[Collected data]
(* Let $n\ge2$ and $B\in\mathrm{M}_n(E_1)$ with $\mathrm{tr}(B^t)=0$ for all $1\le t\le 2n-2$. Then $nB^{2n-1}=\mathrm{tr}(B^{2n-1})I_n$; in particular $B^{2n-1}$ is a scalar matrix. If moreover $\mathrm{tr}(B^{2n-1})=0$, then $B^{2n-1}=0$.
   Context: $K$ is a field of characteristic zero. $E$ is the infinite-dimensional Grassmann (exterior) algebra over $K$, generated by countably many indeterminates $v_1,v_2,\dots$ subject to $v_iv_j+v_jv_i=0$ for all $i,j$. $E=E_0\oplus E_1$ is its natural $\mathbb{Z}_2$-grading: $E_0$ (resp. $E_1$) is the $K$-span of products of an even (resp. odd) number of generators. $\mathrm{M}_n(E_1)$ denotes the $n\times n$ matrices with entries in $E_1$, $I_n$ the identity matrix, $\mathrm{tr}$ the sum of diagonal entries. *)

theory Defs
  imports Main
begin

text \<open>The infinite Grassmann algebra E over a field 'a, generated by v_0, v_1, ...
  An element is represented by its coefficient function on monomials:
  f S is the coefficient of v_S = v_{s1} ... v_{sk} (s1 < ... < sk) for a finite S.\<close>

type_synonym 'a grass = "nat set \<Rightarrow> 'a"

definition grass :: "'a::zero grass \<Rightarrow> bool" where
  "grass f \<longleftrightarrow> finite {S. f S \<noteq> 0} \<and> (\<forall>S. f S \<noteq> 0 \<longrightarrow> finite S)"

definition grass_odd :: "'a::zero grass \<Rightarrow> bool" where
  "grass_odd f \<longleftrightarrow> grass f \<and> (\<forall>S. f S \<noteq> 0 \<longrightarrow> odd (card S))"

text \<open>Sign with v_S v_T = gsign S T v_{S \<union> T} for disjoint S, T (number of inversions).\<close>
definition gsign :: "nat set \<Rightarrow> nat set \<Rightarrow> 'a::ring_1" where
  "gsign S T = (if even (card {(s,t). s \<in> S \<and> t \<in> T \<and> t < s}) then 1 else -1)"

definition gmult :: "'a::ring_1 grass \<Rightarrow> 'a grass \<Rightarrow> 'a grass" where
  "gmult f g = (\<lambda>U. \<Sum>S\<in>{S. S \<subseteq> U}. gsign S (U - S) * f S * g (U - S))"

definition gzero :: "'a::zero grass" where
  "gzero = (\<lambda>_. 0)"

text \<open>n x n matrices over E, as functions on indices (only entries i, j < n matter).\<close>
type_synonym 'a gmat = "nat \<Rightarrow> nat \<Rightarrow> 'a grass"

definition gmat_mult :: "nat \<Rightarrow> 'a::ring_1 gmat \<Rightarrow> 'a gmat \<Rightarrow> 'a gmat" where
  "gmat_mult n A B = (\<lambda>i j U. \<Sum>k<n. gmult (A i k) (B k j) U)"

definition gmat_one :: "'a::ring_1 gmat" where
  "gmat_one = (\<lambda>i j U. if i = j \<and> U = {} then 1 else 0)"

fun gmat_pow :: "nat \<Rightarrow> 'a::ring_1 gmat \<Rightarrow> nat \<Rightarrow> 'a gmat" where
  "gmat_pow n A 0 = gmat_one"
| "gmat_pow n A (Suc t) = gmat_mult n A (gmat_pow n A t)"

definition gtrace :: "nat \<Rightarrow> 'a::ring_1 gmat \<Rightarrow> 'a grass" where
  "gtrace n A = (\<lambda>U. \<Sum>i<n. A i i U)"

end

theory Submission
  imports Defs "Jordan_Normal_Form.Char_Poly" "HOL-Computational_Algebra.Polynomial_FPS"
begin

text \<open>
  For an odd matrix B the entries of B^2 lie in the commutative even part of E. Adjoin a
  Grassmann generator \<theta> that does not occur in B: then D = B^2 + \<theta> B again has even entries,
  and since \<theta> anticommutes with the entries of B and \<theta>^2 = 0, its powers are
  D^k = B^(2k) + k \<theta> B^(2k-1). The hypotheses therefore give tr(D^k) = 0 for 1 \<le> k < n.
  Over a commutative ring without additive torsion, vanishing of these traces forces
  n D^n = tr(D^n) I; this trace form of the Cayley-Hamilton theorem is proved via the
  adjugate of xI - A together with Jacobi's formula \<chi>' = tr adj(xI - A). Comparing the
  \<theta>-components of n D^n = tr(D^n) I yields n^2 B^(2n-1) = n tr(B^(2n-1)) I.
\<close>

section \<open>Derivations and Jacobi's formula\<close>

locale derivation =
  fixes D :: "'a::comm_ring_1 \<Rightarrow> 'a"
  assumes derivation_add: "D (x + y) = D x + D y"
    and derivation_mult: "D (x * y) = x * D y + y * D x"
begin

lemma derivation_zero: "D 0 = 0"
  using derivation_add[of 0 0] by simp

lemma derivation_one: "D 1 = 0"
  using derivation_mult[of 1 1] by simp

lemma derivation_minus: "D (- x) = - D x"
  using derivation_add[of x "- x"] by (simp add: derivation_zero add.commute eq_neg_iff_add_eq_0)

lemma derivation_sum: "D (sum f A) = (\<Sum>a\<in>A. D (f a))"
  by (induct A rule: infinite_finite_induct) (simp_all add: derivation_zero derivation_add)

lemma derivation_prod: "D (prod f A) = (\<Sum>a\<in>A. prod f (A - {a}) * D (f a))"
proof (induct A rule: infinite_finite_induct)
  case (insert a A)
  have "prod f (insert a A - {b}) = f a * prod f (A - {b})" if "b \<in> A" for b
  proof -
    have "insert a A - {b} = insert a (A - {b})" using insert(2) that by auto
    then show ?thesis using insert(1,2) by simp
  qed
  with insert show ?case
    by (simp add: derivation_mult sum_distrib_left algebra_simps cong: sum.cong)
qed (simp_all add: derivation_one)

lemma derivation_signof: "D (signof p * x) = signof p * D x"
  by (cases p rule: sign_cases) (simp_all add: derivation_minus)
lemma conformal_factor_pos:
  assumes "x \<in> I"
  shows "0 < conformal_factor x"
proof -
  have "0 < d' a' (moebius_map x) + d' (moebius_map x) b'"
    using moebius_map(1)[OF assms] T.ends_distinct T.ends_in_segment
    by (cases "moebius_map x = a'") (auto intro: add_pos_nonneg add_nonneg_pos)
  then show ?thesis unfolding conformal_factor_def using end_dist_sum_pos[OF assms] by simp
qed

lemma dist_ends_moebius_map:
  assumes "x \<in> I"
  shows "d' a' (moebius_map x) = conformal_factor x * d a x"
    and "d' (moebius_map x) b' = conformal_factor x * (scale * d x b)"
  using proportional_pair_eq[OF moebius_map(2)[OF assms]] end_dist_sum_pos[OF assms]
  unfolding conformal_factor_def by simp_all

lemma dist_moebius_map:
  assumes "x \<in> I" "y \<in> I"
  shows "d' (moebius_map x) (moebius_map y)
    = scale * d a b / d' a' b' * conformal_factor x * conformal_factor y * d x y"
proof -
  let ?\<mu> = conformal_factor
  have "d' (moebius_map x) (moebius_map y) * d' a' b'
      = \<bar>d' a' (moebius_map y) * d' (moebius_map x) b'
          - d' a' (moebius_map x) * d' (moebius_map y) b'\<bar>"
    using T.ptolemy_ends moebius_map(1) assms by blast
  also have "\<dots> = \<bar>scale * ?\<mu> x * ?\<mu> y * (d a y * d x b - d a x * d y b)\<bar>"
    using assms by (simp add: dist_ends_moebius_map algebra_simps)
  also have "\<dots> = scale * ?\<mu> x * ?\<mu> y * \<bar>d a y * d x b - d a x * d y b\<bar>"
    using scale_pos conformal_factor_pos[OF assms(1)] conformal_factor_pos[OF assms(2)]
    by (simp add: abs_mult)
  also have "\<dots> = scale * ?\<mu> x * ?\<mu> y * (d x y * d a b)"
    using S.ptolemy_ends assms by simp
  finally show ?thesis
    using T.ends_distinct T.ends_in_segment by (simp add: field_simps)
qed
(* Let $\lambda\in\mathbb{R}$ be fixed, $p=(1+\lambda n^{-1/3})/n$, and $A=A(n)=o(n^{2/3})$. Let $T=\lceil n^{2/3}/A\rceil$, $L=\lfloor n/(2T)\rfloor$, and for $B>0$ let $\mathcal{G}_{2L-1}(B)=\{t_{2L-1}\le BLT^{1/2}\}$, where $(t_i)$ are the excursion end times of the exploration process of $\mathbb{G}(n,p)$ described in the context. There exist constants $B_0>0$ and $A_0=A_0(\lambda)>0$ such that for any $A\ge A_0$, $B\ge B_0$ and all sufficiently large $n$, \[\mathbb{P}(\mathcal{G}_{2L-1}(B)^c)\le\exp(-cA^{3/2})\] for some constant $c=c(B)>0$.
   Context: $\mathbb{G}(n,p)$ is the Erdős–Rényi random graph on $[n]$ (each edge present independently with probability $p$). Exploration process: fix an ordering of $[n]$ with some vertex $v$ first. Sets of active, unseen and explored vertices $\mathcal{A}_t,\mathcal{U}_t,\mathcal{E}_t$ partition $[n]$; initially $\mathcal{A}_0=\{v\}$, $\mathcal{U}_0=[n]\setminus\{v\}$, $\mathcal{E}_0=\emptyset$. At step $t\ge1$: if $\mathcal{A}_{t-1}\ne\emptyset$ let $u_t$ be the first active vertex; if $\mathcal{A}_{t-1}=\emptyset$ and $\mathcal{U}_{t-1}\ne\emptyset$ let $u_t$ be the first unseen vertex; otherwise stop. Let $\mathcal{D}_t=\{x\in\mathcal{U}_{t-1}\setminus\{u_t\}:x\sim u_t\}$ and update $\mathcal{U}_t=\mathcal{U}_{t-1}\setminus(\mathcal{D}_t\cup\{u_t\})$, $\mathcal{A}_t=(\mathcal{A}_{t-1}\setminus\{u_t\})\cup\mathcal{D}_t$, $\mathcal{E}_t=\mathcal{E}_{t-1}\cup\{u_t\}$. The process runs for $n$ steps. Let $Y_t=|\mathcal{A}_t|$, $t_0=0$ and $t_i=\min\{t\ge t_{i-1}+1:Y_t=0\}$ (defined while the procedure runs); $t_i-t_{i-1}$ is the size of the $i$-th explored component. *)

theory Defs
  imports "HOL-Probability.Probability" "HOL-Library.Landau_Symbols" "HOL-Library.Extended_Nat"
begin

text \<open>Vertex set [n] = {1..n}, with the natural order as the fixed ordering (vertex 1 first).
  A graph on [n] is given by a function on unordered pairs {x,y} (x \<noteq> y) telling whether the
  edge is present.\<close>

definition vpairs :: "nat \<Rightarrow> nat set set" where
  "vpairs n = {{x, y} | x y. x \<in> {1..n} \<and> y \<in> {1..n} \<and> x \<noteq> y}"

definition gnp :: "nat \<Rightarrow> real \<Rightarrow> (nat set \<Rightarrow> bool) pmf" where
  "gnp n p = Pi_pmf (vpairs n) False (\<lambda>_. bernoulli_pmf p)"

definition adj :: "(nat set \<Rightarrow> bool) \<Rightarrow> nat \<Rightarrow> nat \<Rightarrow> bool" where
  "adj g x y \<longleftrightarrow> x \<noteq> y \<and> g {x, y}"

text \<open>Exploration state: (active, unseen, explored).\<close>
type_synonym expl_state = "nat set \<times> nat set \<times> nat set"

definition expl_step :: "(nat set \<Rightarrow> bool) \<Rightarrow> expl_state \<Rightarrow> expl_state" where
  "expl_step g s = (case s of (A, U, E) \<Rightarrow>
     if A = {} \<and> U = {} then (A, U, E)
     else let u = (if A \<noteq> {} then Min A else Min U);
              D = {x \<in> U - {u}. adj g u x}
          in ((A - {u}) \<union> D, U - (D \<union> {u}), E \<union> {u}))"

definition expl_init :: "nat \<Rightarrow> expl_state" where
  "expl_init n = ({1}, {2..n}, {})"

definition expl_state :: "nat \<Rightarrow> (nat set \<Rightarrow> bool) \<Rightarrow> nat \<Rightarrow> expl_state" where
  "expl_state n g t = (expl_step g ^^ t) (expl_init n)"

definition Yproc :: "nat \<Rightarrow> (nat set \<Rightarrow> bool) \<Rightarrow> nat \<Rightarrow> nat" where
  "Yproc n g t = card (fst (expl_state n g t))"
text \<open>With respect to the coordinates of \<open>k'\<^sub>3\<close> only \<open>F\<^sub>1\<close> and \<open>F\<^sub>2\<close> have nonzero partial derivatives
  (namely \<open>-x\<^sub>2\<close>), and with respect to those of \<open>k'\<^sub>2\<close> only \<open>E\<^sub>B\<close> and the \<open>F\<^sub>i\<close>; on the
  variety \<open>|k'\<^sub>2 - k'\<^sub>1| = |x\<^sub>2| > 0\<close>, so the gradient of \<open>E\<^sub>B\<close> does not vanish there. Hence a
  linear dependence of the four gradients can only be the vanishing of the gradient of \<open>C\<^sub>P\<close>,
  which happens exactly when \<open>k'\<^sub>4 = k'\<^sub>5 = k'\<^sub>6\<close>. A motion multiplies \<open>C\<^sub>P\<close> by \<open>det R = 1\<close>,
  preserves the distance in \<open>E\<^sub>B\<close>, rotates the vector \<open>(F\<^sub>1, F\<^sub>2)\<close> by \<open>R\<close> and is injective on
  points, so it preserves both the variety and the condition \<open>k'\<^sub>4 = k'\<^sub>5 = k'\<^sub>6\<close>.\<close>

lemma gderiv_unique:
  fixes f :: "'a::real_inner \<Rightarrow> real"
  assumes "GDERIV f x :> D" and "GDERIV f x :> D'"
  shows "D = D'"
proof -
  have "(\<lambda>h. inner h D) = (\<lambda>h. inner h D')"
    using assms unfolding gderiv_def by (rule has_derivative_unique)
  then have "inner (D - D') D = inner (D - D') D'"
    by metis
  then have "inner (D - D') (D - D') = 0"
    by (simp add: inner_diff_right)
  then show ?thesis
    by simp
qed

definition config_axis :: "6 \<Rightarrow> 2 \<Rightarrow> config" where
  "config_axis i j = axis i (axis j 1)"

lemma config_axis_nth [simp]:
  "config_axis i j $ k $ l = (if i = k \<and> j = l then 1 else 0)"
  by (simp add: config_axis_def axis_def)

lemma inner_config_axis [simp]: "inner K (config_axis i j) = K $ i $ j"
  by (simp add: config_axis_def inner_axis)

lemma has_derivative_cc [derivative_intros]:
  "((\<lambda>K. cc K i) has_derivative (\<lambda>H. cc H i)) (at K)"
  unfolding cc_def
  by (intro bounded_linear.has_derivative[where f = "\<lambda>K::config. K $ i $ 1"]
      bounded_linear_compose[OF bounded_linear_vec_nth bounded_linear_vec_nth] has_derivative_ident)

lemma has_derivative_dd [derivative_intros]:
  "((\<lambda>K. dd K i) has_derivative (\<lambda>H. dd H i)) (at K)"
  unfolding dd_def
  by (intro bounded_linear.has_derivative[where f = "\<lambda>K::config. K $ i $ 2"]
      bounded_linear_compose[OF bounded_linear_vec_nth bounded_linear_vec_nth] has_derivative_ident)

lemma C_P_eq:
  "C_P K = cc K 5 * dd K 6 - cc K 6 * dd K 5 - cc K 4 * dd K 6 + cc K 6 * dd K 4
     + cc K 4 * dd K 5 - cc K 5 * dd K 4"
  unfolding C_P_def det_3 by (simp add: vector_def algebra_simps)

lemma E_B_eq: "E_B x2 K = (cc K 2 - cc K 1)\<^sup>2 + (dd K 2 - dd K 1)\<^sup>2 - x2\<^sup>2"
  unfolding E_B_def power2_norm_eq_inner inner_vec_def sum_2 cc_def dd_def
  by (simp add: power2_eq_square)

definition grad_C_P :: "config \<Rightarrow> config" where
  "grad_C_P K =
     (dd K 5 - dd K 6) *\<^sub>R config_axis 4 1 + (dd K 6 - dd K 4) *\<^sub>R config_axis 5 1
   + (dd K 4 - dd K 5) *\<^sub>R config_axis 6 1 + (cc K 6 - cc K 5) *\<^sub>R config_axis 4 2
   + (cc K 4 - cc K 6) *\<^sub>R config_axis 5 2 + (cc K 5 - cc K 4) *\<^sub>R config_axis 6 2"

definition grad_E_B :: "config \<Rightarrow> config" where
  "grad_E_B K =
     (2 * (cc K 2 - cc K 1)) *\<^sub>R (config_axis 2 1 - config_axis 1 1)
   + (2 * (dd K 2 - dd K 1)) *\<^sub>R (config_axis 2 2 - config_axis 1 2)"

definition grad_F_1 :: "real \<Rightarrow> real \<Rightarrow> real \<Rightarrow> config" where
  "grad_F_1 x2 x3 y3 =
     (x2 - x3) *\<^sub>R config_axis 1 1 + y3 *\<^sub>R config_axis 1 2
   + x3 *\<^sub>R config_axis 2 1 - y3 *\<^sub>R config_axis 2 2 - x2 *\<^sub>R config_axis 3 1"

definition grad_F_2 :: "real \<Rightarrow> real \<Rightarrow> real \<Rightarrow> config" where
  "grad_F_2 x2 x3 y3 =
     (x2 - x3) *\<^sub>R config_axis 1 2 - y3 *\<^sub>R config_axis 1 1
   + x3 *\<^sub>R config_axis 2 2 + y3 *\<^sub>R config_axis 2 1 - x2 *\<^sub>R config_axis 3 2"

lemmas inner_grad_simps =
  inner_add_right inner_scaleR_right inner_config_axis cc_def dd_def

lemma gderiv_C_P: "GDERIV C_P K :> grad_C_P K"
  unfolding gderiv_def C_P_eq[abs_def]
  by (rule derivative_eq_intros | simp)+ (auto simp: grad_C_P_def inner_grad_simps algebra_simps)

lemma gderiv_E_B: "GDERIV (E_B x2) K :> grad_E_B K"
  unfolding gderiv_def E_B_eq[abs_def]
  by (rule derivative_eq_intros | simp)+ (auto simp: grad_E_B_def inner_grad_simps algebra_simps)

lemma gderiv_F_1: "GDERIV (F_1 x2 x3 y3) K :> grad_F_1 x2 x3 y3"
  unfolding gderiv_def F_1_def[abs_def]
  by (rule derivative_eq_intros | simp)+ (auto simp: grad_F_1_def inner_grad_simps algebra_simps)

lemma gderiv_F_2: "GDERIV (F_2 x2 x3 y3) K :> grad_F_2 x2 x3 y3"
  unfolding gderiv_def F_2_def[abs_def]
  by (rule derivative_eq_intros | simp)+ (auto simp: grad_F_2_def inner_grad_simps algebra_simps)

lemma vec2_eq_iff: "(v::real^2) = w \<longleftrightarrow> v $ 1 = w $ 1 \<and> v $ 2 = w $ 2"
  by (simp add: vec_eq_iff forall_2)

lemma grad_C_P_eq_0_iff: "grad_C_P K = 0 \<longleftrightarrow> K $ 4 = K $ 5 \<and> K $ 5 = K $ 6"
proof
  assume "grad_C_P K = 0"
  then have "grad_C_P K $ i $ j = 0" for i j
    by simp
  from this[of 4 1] this[of 5 1] this[of 4 2] this[of 5 2] show "K $ 4 = K $ 5 \<and> K $ 5 = K $ 6"
    by (simp add: grad_C_P_def vec2_eq_iff cc_def dd_def)
qed (simp add: grad_C_P_def cc_def dd_def)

WHAT IS BEING ASKED ->
Beginning with the top line of the data above, output every line exactly until the one that contains "An element is", and include that one too.

SOLVED EXERCISE ->
(* Let $n\ge2$ and $B\in\mathrm{M}_n(E_1)$ with $\mathrm{tr}(B^t)=0$ for all $1\le t\le 2n-2$. Then $nB^{2n-1}=\mathrm{tr}(B^{2n-1})I_n$; in particular $B^{2n-1}$ is a scalar matrix. If moreover $\mathrm{tr}(B^{2n-1})=0$, then $B^{2n-1}=0$.
   Context: $K$ is a field of characteristic zero. $E$ is the infinite-dimensional Grassmann (exterior) algebra over $K$, generated by countably many indeterminates $v_1,v_2,\dots$ subject to $v_iv_j+v_jv_i=0$ for all $i,j$. $E=E_0\oplus E_1$ is its natural $\mathbb{Z}_2$-grading: $E_0$ (resp. $E_1$) is the $K$-span of products of an even (resp. odd) number of generators. $\mathrm{M}_n(E_1)$ denotes the $n\times n$ matrices with entries in $E_1$, $I_n$ the identity matrix, $\mathrm{tr}$ the sum of diagonal entries. *)

theory Defs
  imports Main
begin

text \<open>The infinite Grassmann algebra E over a field 'a, generated by v_0, v_1, ...
  An element is represented by its coefficient function on monomials:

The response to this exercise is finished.